• _PROBLEM TO SOLVE_:
Repeat exactly, please, the opening lines of the data below, through and including the line where "with less.prems show" sits.

Data excerpts
☆ ☆ ☆

lemma real_poly_eval_mem_imp_linear_mem:
  fixes M :: "'n qpoly set"
  assumes M: "left_maximal_ideal M" and central: "\<And>y. x * y = y * x"
  shows "q \<noteq> 0 \<Longrightarrow> real_poly_eval q x \<in> M \<Longrightarrow> \<exists>a. x - qreal a \<in> M"
proof (induction "degree q" arbitrary: q rule: less_induct)
  case less
  show ?case
  proof (cases "degree q = 0")
    case True
    then obtain c where "q = [:c:]" by (metis degree_eq_zeroE)
    with less.prems show ?thesis using qreal_not_mem[OF M] by auto
  next
    case False
    have factor_mem: "real_poly_eval f x \<in> M \<or> (\<exists>a. x - qreal a \<in> M)"
      if "q = f * s" "degree f > 0" for f s
    proof (cases "real_poly_eval f x \<in> M")
      case False
      have "s \<noteq> 0" "f \<noteq> 0" using that less.prems(1) by auto
      then have "degree s < degree q" using that by (simp add: degree_mult_eq)
      have "real_poly_eval q x = real_poly_eval s x * real_poly_eval f x"
        unfolding \<open>q = f * s\<close> real_poly_eval_mult[OF central] by (rule real_poly_eval_commute[OF central])
      then have "real_poly_eval s x \<in> M"
        using less.prems(2) False left_maximal_ideal.mult_mem_cancel_left[OF M] by metis
      then show ?thesis using less.hyps[OF \<open>degree s < degree q\<close> \<open>s \<noteq> 0\<close>] by blast
    qed simp
    show ?thesis
    proof (rule real_poly_linear_or_quadratic_factor[of q])
      show "degree q > 0" using False by simp
    next
      fix a s assume "q = [:- a, 1:] * s"
      from factor_mem[OF this] show ?thesis unfolding real_poly_eval_linear by auto
    next
      fix \<alpha> \<beta> s assume "\<beta> \<noteq> 0" "q = [:\<alpha>\<^sup>2 + \<beta>\<^sup>2, - 2 * \<alpha>, 1:] * s"
      from factor_mem[OF this(2)] show ?thesis
        using quadratic_eval_not_mem[OF M central \<open>\<beta> \<noteq> 0\<close>] by auto
    qed
  qed
qed

section \<open>Algebraicity modulo M\<close>

interpretation qpoly_real: vector_space "\<lambda>c (p :: 'n qpoly). qreal c * p"
  by unfold_locales (simp_all add: algebra_simps qreal_add qreal_mult)

lemma countable_UNIV_poly_mapping:
  "countable (UNIV :: ('a::finite \<Rightarrow>\<^sub>0 'b::{zero, countable}) set)"
proof (rule countable_image_inj_on)
  show "countable (range (Poly_Mapping.lookup :: ('a \<Rightarrow>\<^sub>0 'b) \<Rightarrow> _))" by simp
  show "inj_on (Poly_Mapping.lookup :: ('a \<Rightarrow>\<^sub>0 'b) \<Rightarrow> _) UNIV" by (meson injI poly_mapping_eq_iff)
qed

lemma infinite_fibre_keys_subset:
  fixes u :: "real \<Rightarrow> 'k \<Rightarrow>\<^sub>0 'b::zero"
  assumes "countable (UNIV :: 'k set)"
  shows "\<exists>K. finite K \<and> infinite {r. Poly_Mapping.keys (u r) \<subseteq> K}"
proof (rule ccontr)
  let ?fibre = "\<lambda>K. {r. Poly_Mapping.keys (u r) \<subseteq> K}"
  let ?Fin = "{K :: 'k set. finite K \<and> K \<subseteq> UNIV}"
  assume "\<nexists>K. finite K \<and> infinite (?fibre K)"
  then have "countable (?fibre K)" if "K \<in> ?Fin" for K
    using that countable_finite by blast
  then have "countable (\<Union>K\<in>?Fin. ?fibre K)"
    using countable_Collect_finite_subset[OF assms] by (intro countable_UN)
  moreover have "r \<in> (\<Union>K\<in>?Fin. ?fibre K)" for r
    by (rule UN_I[of "Poly_Mapping.keys (u r)"]) simp_all
  then have "UNIV \<subseteq> (\<Union>K\<in>?Fin. ?fibre K)" by blast
  ultimately show False using countable_subset uncountable_UNIV_real by metis
qed

lemma qpoly_in_span_single_basis:
  fixes p :: "'n qpoly"
  assumes "Poly_Mapping.keys p \<subseteq> K"
  shows "p \<in> qpoly_real.span ((\<lambda>(m, e). Poly_Mapping.single m e) ` (K \<times> quat_basis))"
    (is "_ \<in> qpoly_real.span ?W")
proof -
  have "Poly_Mapping.single k c \<in> qpoly_real.span ?W" if "k \<in> K" for k c
  proof -
    have basis: "Poly_Mapping.single k e \<in> qpoly_real.span ?W" if "e \<in> quat_basis" for e
      by (rule qpoly_real.span_base) (use \<open>k \<in> K\<close> that in auto)
    have "Poly_Mapping.single k c = Poly_Mapping.single k (quat_of_real (quat.Re c) * 1
        + quat_of_real (Im1 c) * Quat 0 1 0 0 + quat_of_real (Im2 c) * Quat 0 0 1 0
        + quat_of_real (Im3 c) * Quat 0 0 0 1)"
      by (rule arg_cong[OF quat_expand])
    also have "\<dots> = qreal (quat.Re c) * Poly_Mapping.single k 1
        + qreal (Im1 c) * Poly_Mapping.single k (Quat 0 1 0 0)
        + qreal (Im2 c) * Poly_Mapping.single k (Quat 0 0 1 0)
        + qreal (Im3 c) * Poly_Mapping.single k (Quat 0 0 0 1)"
      by (simp add: qreal_def qconst_mult_single single_add)
    also have "\<dots> \<in> qpoly_real.span ?W"
      using basis[of 1] basis[of "Quat 0 1 0 0"] basis[of "Quat 0 0 1 0"] basis[of "Quat 0 0 0 1"]
      by (simp add: quat_basis_def qpoly_real.span_add qpoly_real.span_scale)
    finally show ?thesis .
  qed
  then have "(\<Sum>k\<in>Poly_Mapping.keys p. Poly_Mapping.single k (Poly_Mapping.lookup p k))
      \<in> qpoly_real.span ?W"
    using assms by (intro qpoly_real.span_sum) auto
  then show ?thesis by (simp add: poly_mapping_sum_single)
qed

lemma qpoly_real_linear_dependence:
  fixes u :: "real \<Rightarrow> ('n::finite) qpoly"
  obtains T c r\<^sub>0 where "finite T" "r\<^sub>0 \<in> T" "c r\<^sub>0 \<noteq> 0" "(\<Sum>r\<in>T. qreal (c r) * u r) = 0"
proof -
  obtain K where "finite K" and infinite: "infinite {r. Poly_Mapping.keys (u r) \<subseteq> K}"
    using infinite_fibre_keys_subset[OF countable_UNIV_poly_mapping] by blast
  define W :: "'n qpoly set" where "W = (\<lambda>(m, e). Poly_Mapping.single m e) ` (K \<times> quat_basis)"
  have "finite W" using \<open>finite K\<close> by (simp add: W_def quat_basis_def)
  obtain T where T: "finite T" "card T = Suc (card W)" "T \<subseteq> {r. Poly_Mapping.keys (u r) \<subseteq> K}"
    using infinite_arbitrarily_large[OF infinite] by blast
  show thesis
  proof (cases "inj_on u T")
    case True
    have "u r \<in> qpoly_real.span W" if "r \<in> T" for r
      unfolding W_def by (rule qpoly_in_span_single_basis) (use T(3) that in blast)
    then have "u ` T \<subseteq> qpoly_real.span W" by blast
    moreover have "card (u ` T) = Suc (card W)" using True T(2) by (simp add: card_image)
    ultimately have "qpoly_real.dependent (u ` T)"
      using qpoly_real.independent_span_bound[OF \<open>finite W\<close>] by force
    then obtain d where d: "\<exists>v\<in>u ` T. d v \<noteq> 0" "(\<Sum>v\<in>u ` T. qreal (d v) * v) = 0"
      unfolding qpoly_real.dependent_finite[OF finite_imageI[OF T(1)]] by blast
    from d(1) obtain r\<^sub>0 where "r\<^sub>0 \<in> T" "d (u r\<^sub>0) \<noteq> 0" by blast
    moreover have "(\<Sum>r\<in>T. qreal (d (u r)) * u r) = 0"
      using d(2) by (simp add: sum.reindex[OF True])
    ultimately show thesis using that[of T r\<^sub>0 "d \<circ> u"] T(1) by simp
  next
    case False
    then obtain r s where "r \<noteq> s" "u r = u s" by (auto simp: inj_on_def)
    then have "(\<Sum>t\<in>{r, s}. qreal (if t = r then 1 else - 1) * u t) = 0"
      by (simp add: qreal_uminus)
    then show thesis using that[of "{r, s}" r "\<lambda>t. if t = r then 1 else - 1"] by simp
  qed
qed

lemma sum_smult_prod_linear_nonzero:
  fixes c :: "'a \<Rightarrow> 'a::idom"
  assumes "finite T" "r\<^sub>0 \<in> T" "c r\<^sub>0 \<noteq> 0"
  shows "(\<Sum>r\<in>T. smult (c r) (\<Prod>s\<in>T - {r}. [:- s, 1:])) \<noteq> 0"
proof -
  have vanish: "(\<Prod>s\<in>T - {r}. r\<^sub>0 - s) = 0" if "r \<in> T - {r\<^sub>0}" for r
    using that assms(1,2) by (intro prod_zero) auto
  have "poly (\<Sum>r\<in>T. smult (c r) (\<Prod>s\<in>T - {r}. [:- s, 1:])) r\<^sub>0
      = (\<Sum>r\<in>T. c r * (\<Prod>s\<in>T - {r}. r\<^sub>0 - s))"
    by (simp add: poly_sum poly_prod)
  also have "\<dots> = c r\<^sub>0 * (\<Prod>s\<in>T - {r\<^sub>0}. r\<^sub>0 - s)"
    using vanish by (simp add: sum.remove[OF assms(1,2)])
  also have "\<dots> \<noteq> 0" using assms(1,3) by simp
  finally show ?thesis by auto
qed

lemma central_algebraic_mod:
  fixes M :: "('n::finite) qpoly set"
  assumes M: "left_maximal_ideal M" and central: "\<And>y. x * y = y * x"
  shows "\<exists>q. q \<noteq> 0 \<and> real_poly_eval q x \<in> M"
proof (rule ccontr)
  assume none: "\<nexists>q. q \<noteq> 0 \<and> real_poly_eval q x \<in> M"
  interpret left_maximal_ideal M by (fact M)
  have not_mem: "x - qreal r \<notin> M" for r
  proof
    assume "x - qreal r \<in> M"
    then have "real_poly_eval [:- r, 1:] x \<in> M" by (simp only: real_poly_eval_linear)
    with none show False by (metis pCons_eq_0_iff zero_neq_one)
  qed
  have "\<exists>v. v * (x - qreal r) - 1 \<in> M" for r
    using left_invertible_mod[OF not_mem] by blast
  then obtain u where u: "\<And>r. u r * (x - qreal r) - 1 \<in> M" by metis
  obtain T r\<^sub>0 c where T: "finite T" "r\<^sub>0 \<in> T" "c r\<^sub>0 \<noteq> 0"
    and relation: "(\<Sum>r\<in>T. qreal (c r) * u r) = 0"
    by (rule qpoly_real_linear_dependence)
  \<comment> \<open>\<open>u r\<close> inverts \<open>x - r\<close> modulo M, so multiplying the relation by \<open>\<Prod>s\<in>T. x - s\<close>
    clears the denominators\<close>
  define P where "P r = (\<Prod>s\<in>T - {r}. [:- s, 1:])" for r
  define Q where "Q = (\<Sum>r\<in>T. smult (c r) (P r))"
  define E where "E = real_poly_eval (\<Prod>s\<in>T. [:- s, 1:]) x"
  have "Q \<noteq> 0" unfolding Q_def P_def by (rule sum_smult_prod_linear_nonzero[of T r\<^sub>0 c, OF T])
  have "u r * E - real_poly_eval (P r) x \<in> M" if "r \<in> T" for r
  proof -
    have E_factor: "E = (x - qreal r) * real_poly_eval (P r) x"
      unfolding E_def P_def prod.remove[OF T(1) that]
      by (simp only: real_poly_eval_mult[OF central] real_poly_eval_linear)
    have "u r * E - real_poly_eval (P r) x = (u r * (x - qreal r) - 1) * real_poly_eval (P r) x"
      unfolding E_factor by (simp add: algebra_simps)
    then show ?thesis using u two_sided_ideal_mult_right[OF two_sided] by metis
  qed
  then have "(\<Sum>r\<in>T. qreal (c r) * (u r * E - real_poly_eval (P r) x)) \<in> M"
    by (intro left_ideal_sum[OF left_ideal] left_ideal_mult_left[OF left_ideal])
  moreover have "(\<Sum>r\<in>T. qreal (c r) * (u r * E - real_poly_eval (P r) x))
      = (\<Sum>r\<in>T. qreal (c r) * u r) * E - real_poly_eval Q x"
    by (simp add: Q_def real_poly_eval_sum right_diff_distrib sum_subtractf sum_distrib_right mult.assoc)
  ultimately have "real_poly_eval Q x \<in> M"
    using relation left_ideal_uminus[OF left_ideal] by fastforce
  with \<open>Q \<noteq> 0\<close> none show False by blast
qed

lemma central_congruent_real:
  fixes M :: "('n::finite) qpoly set"
  assumes M: "left_maximal_ideal M" and central: "\<And>y. x * y = y * x"
  shows "\<exists>a. x - qreal a \<in> M"
proof -
  obtain q where "q \<noteq> 0" "real_poly_eval q x \<in> M"
    using central_algebraic_mod[OF M central] by blast
  then show ?thesis by (rule real_poly_eval_mem_imp_linear_mem[OF M central])
qed

section \<open>Ideals of points\<close>

lemma monomial_induct [case_names zero add_var]:
  fixes m :: "'n::finite \<Rightarrow>\<^sub>0 nat"
  assumes "P 0" and "\<And>m i. P m \<Longrightarrow> P (m + Poly_Mapping.single i 1)"
  shows "P m"
proof (induction "\<Sum>i\<in>UNIV. Poly_Mapping.lookup m i" arbitrary: m rule: less_induct)
  case less
  show ?case
  proof (cases "m = 0")
    case False
    then obtain i where "Poly_Mapping.lookup m i > 0"
      by (metis gr0I lookup_zero poly_mapping_eqI)
    define m' where "m' = m - Poly_Mapping.single i 1"
    have lookup_m: "Poly_Mapping.lookup m j = Poly_Mapping.lookup m' j + (if j = i then 1 else 0)" for j
      using \<open>Poly_Mapping.lookup m i > 0\<close> by (simp add: m'_def lookup_minus lookup_single when_def)
    then have "m = m' + Poly_Mapping.single i 1"
      by (intro poly_mapping_eqI) (simp add: lookup_add lookup_single when_def)
    moreover have "(\<Sum>j\<in>UNIV. Poly_Mapping.lookup m' j) < (\<Sum>j\<in>UNIV. Poly_Mapping.lookup m j)"
      by (simp add: lookup_m sum.distrib)
    ultimately show ?thesis using less assms(2) by metis
  qed (simp add: assms(1))
qed
lemma inner_le_on_orthant:
  assumes "\<xi> \<in> orthant" "\<forall>k. x $ k \<le> y $ k"
  shows "x \<bullet> \<xi> \<le> y \<bullet> \<xi>"
  using assms unfolding orthant_def inner_vec_def
  by (auto intro!: sum_mono mult_right_mono)

lemma inner_diff_off_coordinate:
  assumes "x $ i = y $ i"
  shows "(y - x) \<bullet> \<xi> = (\<Sum>k\<in>UNIV - {i}. (y $ k - x $ k) * \<xi> $ k)"
proof -
  have "(y - x) \<bullet> \<xi> = (\<Sum>k\<in>UNIV. (y $ k - x $ k) * \<xi> $ k)"
    by (simp add: inner_vec_def)
  also have "\<dots> = (\<Sum>k\<in>UNIV - {i}. (y $ k - x $ k) * \<xi> $ k)"
    using assms by (simp add: sum.remove[of UNIV i])
  finally show ?thesis .
qed

definition small_jump_weight :: "'n::finite \<Rightarrow> real^'n \<Rightarrow> real" where
  "small_jump_weight i \<xi> = (\<Sum>k\<in>UNIV - {i}. \<bar>\<xi> $ k\<bar>) + (\<xi> $ i)\<^sup>2"

lemma component_le_small_jump_weight:
  assumes "k \<noteq> i"
  shows "\<bar>\<xi> $ k\<bar> \<le> small_jump_weight i \<xi>"
proof -
  have "\<bar>\<xi> $ k\<bar> \<le> (\<Sum>j\<in>UNIV - {i}. \<bar>\<xi> $ j\<bar>)"
    using assms by (intro member_le_sum) auto
  then show ?thesis
    unfolding small_jump_weight_def using zero_le_power2[of "\<xi> $ i"] by linarith
qed

(* On the unit ball |xi|^2 is controlled by the weight, so the integrand is integrable
   near 0 at every x (by the Taylor bound). *)
lemma norm_sq_le_small_jump_weight:
  assumes "norm \<xi> \<le> 1"
  shows "(norm \<xi>)\<^sup>2 \<le> small_jump_weight i \<xi>"
proof -
  have sq_le_abs: "(\<xi> $ k)\<^sup>2 \<le> \<bar>\<xi> $ k\<bar>" for k
  proof -
    have "\<bar>\<xi> $ k\<bar> \<le> 1" using component_le_norm_cart[of \<xi> k] assms by linarith
    then have "\<bar>\<xi> $ k\<bar> * \<bar>\<xi> $ k\<bar> \<le> 1 * \<bar>\<xi> $ k\<bar>" by (intro mult_right_mono) auto
    then show ?thesis by (simp add: power2_eq_square abs_mult_self_eq)
  qed
  have "(norm \<xi>)\<^sup>2 = (\<Sum>k\<in>UNIV - {i}. (\<xi> $ k)\<^sup>2) + (\<xi> $ i)\<^sup>2"
    by (simp add: norm_vec_def L2_set_def sum_nonneg sum.remove[of UNIV i] add.commute)
  also have "\<dots> \<le> small_jump_weight i \<xi>"
    unfolding small_jump_weight_def using sq_le_abs by (intro add_right_mono sum_mono) auto
  finally show ?thesis .
qed

definition truncated_coordinate :: "'n::finite \<Rightarrow> real^'n \<Rightarrow> real" where
  "truncated_coordinate k \<xi> = (if norm \<xi> \<le> 1 then \<xi> $ k else 0)"

locale levy_jump_measure =
  fixes M :: "(real^'n::finite) measure" and i :: 'n
  assumes sets_M: "sets M = sets borel"
    and large_jumps_finite: "emeasure M {\<xi> \<in> orthant. norm \<xi> > 1} < \<infinity>"
    and small_jumps_finite: "(\<integral>\<^sup>+ \<xi> \<in> {\<xi> \<in> orthant. 0 < norm \<xi> \<and> norm \<xi> \<le> 1}.
                ennreal (small_jump_weight i \<xi>) \<partial>M) < \<infinity>"
begin

abbreviation M0 :: "(real^'n) measure" where
  "M0 \<equiv> restrict_space M (orthant - {0})"

lemma space_M0: "space M0 = orthant - {0}"
  by (simp add: space_restrict_space sets_eq_imp_space_eq[OF sets_M])

lemma measurable_M0: "f \<in> borel_measurable borel \<Longrightarrow> f \<in> borel_measurable M0"
  using measurable_cong_sets[OF sets_M refl] by (blast intro: measurable_restrict_space1)

lemma punctured_orthant_sets: "(orthant - {0}) \<inter> space M \<in> sets M"
proof -
  have "orthant - {0} \<in> sets borel"
    using orthant_borel by (intro sets.Diff) auto
  then show ?thesis by (simp add: sets_M sets_eq_imp_space_eq[OF sets_M])
qed

lemma nn_integral_M0:
  "(\<integral>\<^sup>+\<xi>. f \<xi> \<partial>M0) = (\<integral>\<^sup>+\<xi>. f \<xi> * indicator (orthant - {0}) \<xi> \<partial>M)"
  by (rule nn_integral_restrict_space[OF punctured_orthant_sets])

lemma levy_integrand_measurable: "levy_integrand x \<in> borel_measurable M0"
  by (rule measurable_M0) (unfold levy_integrand_def[abs_def], measurable)
lemma annihilator_fit: "annihilator design_freqs (fit e) = (\<lambda>i. 0)"
proof -
  let ?trig = "\<lambda>l i. e l * cos (theta * real (freq l) * real i + phase l)"
  have "fit e = (\<lambda>i. ((e 0 + e 1 * a0) + (e 1 * a) * real i) + (\<Sum>l\<in>{2..<npar}. ?trig l i))"
  proof
    fix i
    have "(\<Sum>l\<in>{2..<npar}. e l * design l i) = (\<Sum>l\<in>{2..<npar}. ?trig l i)"
      by (rule sum.cong) (auto simp: design_cos)
    then show "fit e i = ((e 0 + e 1 * a0) + (e 1 * a) * real i) + (\<Sum>l\<in>{2..<npar}. ?trig l i)"
      unfolding fit_def sum_lessThan_split_01[OF npar_ge_2] using x_eq by (simp add: design_0 design_1 algebra_simps)
  qed
  moreover have "annihilator design_freqs (\<lambda>i. (e 0 + e 1 * a0) + (e 1 * a) * real i) = (\<lambda>i. 0)"
    unfolding design_freqs_def annihilator.simps annihilator_step_affine annihilator_0 ..
  moreover have "annihilator design_freqs (\<lambda>i. \<Sum>l\<in>{2..<npar}. ?trig l i) = (\<lambda>i. 0)"
  proof -
    have "annihilator design_freqs (?trig l) = (\<lambda>i. 0)" if "l \<in> {2..<npar}" for l
      using freq_bounds[of l] that by (intro annihilator_cos) (auto simp: design_freqs_def)
    then show ?thesis by (simp add: annihilator_sum)
  qed
  ultimately show ?thesis by (simp only: annihilator_add) simp
qed

text \<open>A combination of the columns that vanishes at the first \<open>npar\<close> grid points vanishes on the
  whole grid, so the conditioning bound at one large sample size forces it to be trivial.\<close>

lemma design_injective:
  assumes "n \<ge> npar" and "\<forall>i\<in>{1..n}. fit e i = 0"
  shows "\<forall>l<npar. e l = 0"
proof -
  have "\<forall>i\<ge>1. fit e i = 0"
    by (rule eq_0_if_annihilator_eq_0[of design_freqs])
      (use annihilator_fit assms in \<open>auto simp: design_freqs_def npar_def\<close>)
  moreover obtain N where "N > 0" and N: "\<And>e. (\<Sum>i=1..N. (fit e i)\<^sup>2) \<ge> (1/40) * (\<Sum>l<npar. (e l * scale N l)\<^sup>2)"
    using sum_fit_square_ge_eventually by blast
  ultimately have "(\<Sum>l<npar. (e l * scale N l)\<^sup>2) \<le> 0" using N[of e] by simp
  then have "(\<Sum>l<npar. (e l * scale N l)\<^sup>2) = 0" by (simp add: antisym sum_nonneg)
  then have "\<forall>l<npar. e l * scale N l = 0" by (simp add: sum_nonneg_eq_0_iff)
  then show ?thesis using scale_pos[OF \<open>N > 0\<close>] by (metis mult_eq_0_iff less_irrefl)
qed

end

section \<open>Least squares\<close>

lemma linear_system_solvable:
  fixes A :: "nat \<Rightarrow> nat \<Rightarrow> real"
  assumes inj: "\<And>v. \<forall>l<p. (\<Sum>j<p. A l j * v j) = 0 \<Longrightarrow> \<forall>j<p. v j = 0"
  shows "\<exists>v. \<forall>l<p. (\<Sum>j<p. A l j * v j) = r l"
proof -
  define B where "B = mat p p (\<lambda>(l,j). A l j)"
  have B: "B \<in> carrier_mat p p" unfolding B_def by simp
  have "det B \<noteq> 0"
  proof
    assume "det B = 0"
    then obtain w where w: "w \<in> carrier_vec p" "w \<noteq> 0\<^sub>v p" "B *\<^sub>v w = 0\<^sub>v p"
      using det_0_iff_vec_prod_zero_field[OF B] by blast
    have "\<forall>l<p. (\<Sum>j<p. A l j * w $ j) = 0"
    proof (intro allI impI)
      fix l assume l: "l < p"
      have "(B *\<^sub>v w) $ l = 0" using w(3) l by simp
      then show "(\<Sum>j<p. A l j * w $ j) = 0" unfolding B_def using mult_mat_vec_mat_index[OF l w(1)] by simp
    qed
    then have "\<forall>j<p. w $ j = 0" by (rule inj)
    then have "w = 0\<^sub>v p" using w(1) by (intro eq_vecI) auto
    with w(2) show False by simp
  qed
  then have "B \<in> Units (ring_mat TYPE(real) p ())" by (rule det_non_zero_imp_unit[OF B])
  then obtain C where C: "C \<in> carrier_mat p p" "B * C = 1\<^sub>m p" by (auto simp: Units_def ring_mat_def)
  define w where "w = C *\<^sub>v vec p r"
  have w: "w \<in> carrier_vec p" unfolding w_def using C by simp
  have Bw: "B *\<^sub>v w = vec p r" unfolding w_def
    using assoc_mult_mat_vec[OF B C(1), of "vec p r"] C(2) by simp
  have "(\<Sum>j<p. A l j * w $ j) = r l" if l: "l < p" for l
  proof -
    have "(B *\<^sub>v w) $ l = r l" unfolding Bw using l by simp
    then show ?thesis using mult_mat_vec_mat_index[OF l w] unfolding B_def by simp
  qed
  then show ?thesis by blast
qed

context trig_design
begin

definition normal_eqs :: "nat \<Rightarrow> (nat \<Rightarrow> real) \<Rightarrow> (nat \<Rightarrow> real) \<Rightarrow> bool" where
  "normal_eqs n y b \<longleftrightarrow> (\<forall>l<npar. (\<Sum>i=1..n. design l i * (y i - fit b i)) = 0)"

lemma RSS_eq: "RSS m mu1 x y n b = (\<Sum>i=1..n. (y i - fit b i)\<^sup>2)"
  unfolding RSS_def fit_def design_def npar_def by (simp add: mult.commute)

lemma fit_diff: "fit c i - fit b i = fit (\<lambda>j. c j - b j) i"
  unfolding fit_def by (simp add: sum_subtractf[symmetric] algebra_simps)

lemma sum_fit_mult_eq: "(\<Sum>i=1..n. fit b i * w i) = (\<Sum>l<npar. b l * (\<Sum>i=1..n. design l i * w i))"
  unfolding fit_def sum_distrib_right sum_distrib_left by (subst sum.swap) (simp add: mult_ac)

text \<open>At a solution of the normal equations the residual is orthogonal to every fit.\<close>

lemma RSS_eq_RSS_plus:
  assumes "normal_eqs n y b"
  shows "RSS m mu1 x y n c = RSS m mu1 x y n b + (\<Sum>i=1..n. (fit (\<lambda>j. c j - b j) i)\<^sup>2)"
proof -
  let ?d = "\<lambda>j. c j - b j"
  have cross: "(\<Sum>i=1..n. fit ?d i * (y i - fit b i)) = 0"
    using assms unfolding sum_fit_mult_eq normal_eqs_def by simp
  have "RSS m mu1 x y n c = (\<Sum>i=1..n. ((y i - fit b i) - fit ?d i)\<^sup>2)"
    unfolding RSS_eq using fit_diff[of c _ b] by (simp add: algebra_simps)
  also have "\<dots> = (\<Sum>i=1..n. (y i - fit b i)\<^sup>2 - 2 * (fit ?d i * (y i - fit b i)) + (fit ?d i)\<^sup>2)"
    by (intro sum.cong refl) (simp add: power2_diff mult_ac)
  also have "\<dots> = RSS m mu1 x y n b - 2 * (\<Sum>i=1..n. fit ?d i * (y i - fit b i)) + (\<Sum>i=1..n. (fit ?d i)\<^sup>2)"
    unfolding RSS_eq by (simp add: sum.distrib sum_subtractf sum_distrib_left)
  finally show ?thesis unfolding cross by simp
qed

☆ ☆ ☆

• _FINISHED EXERCISE_:
lemma real_poly_eval_mem_imp_linear_mem:
  fixes M :: "'n qpoly set"
  assumes M: "left_maximal_ideal M" and central: "\<And>y. x * y = y * x"
  shows "q \<noteq> 0 \<Longrightarrow> real_poly_eval q x \<in> M \<Longrightarrow> \<exists>a. x - qreal a \<in> M"
proof (induction "degree q" arbitrary: q rule: less_induct)
  case less
  show ?case
  proof (cases "degree q = 0")
    case True
    then obtain c where "q = [:c:]" by (metis degree_eq_zeroE)
    with less.prems show ?thesis using qreal_not_mem[OF M] by auto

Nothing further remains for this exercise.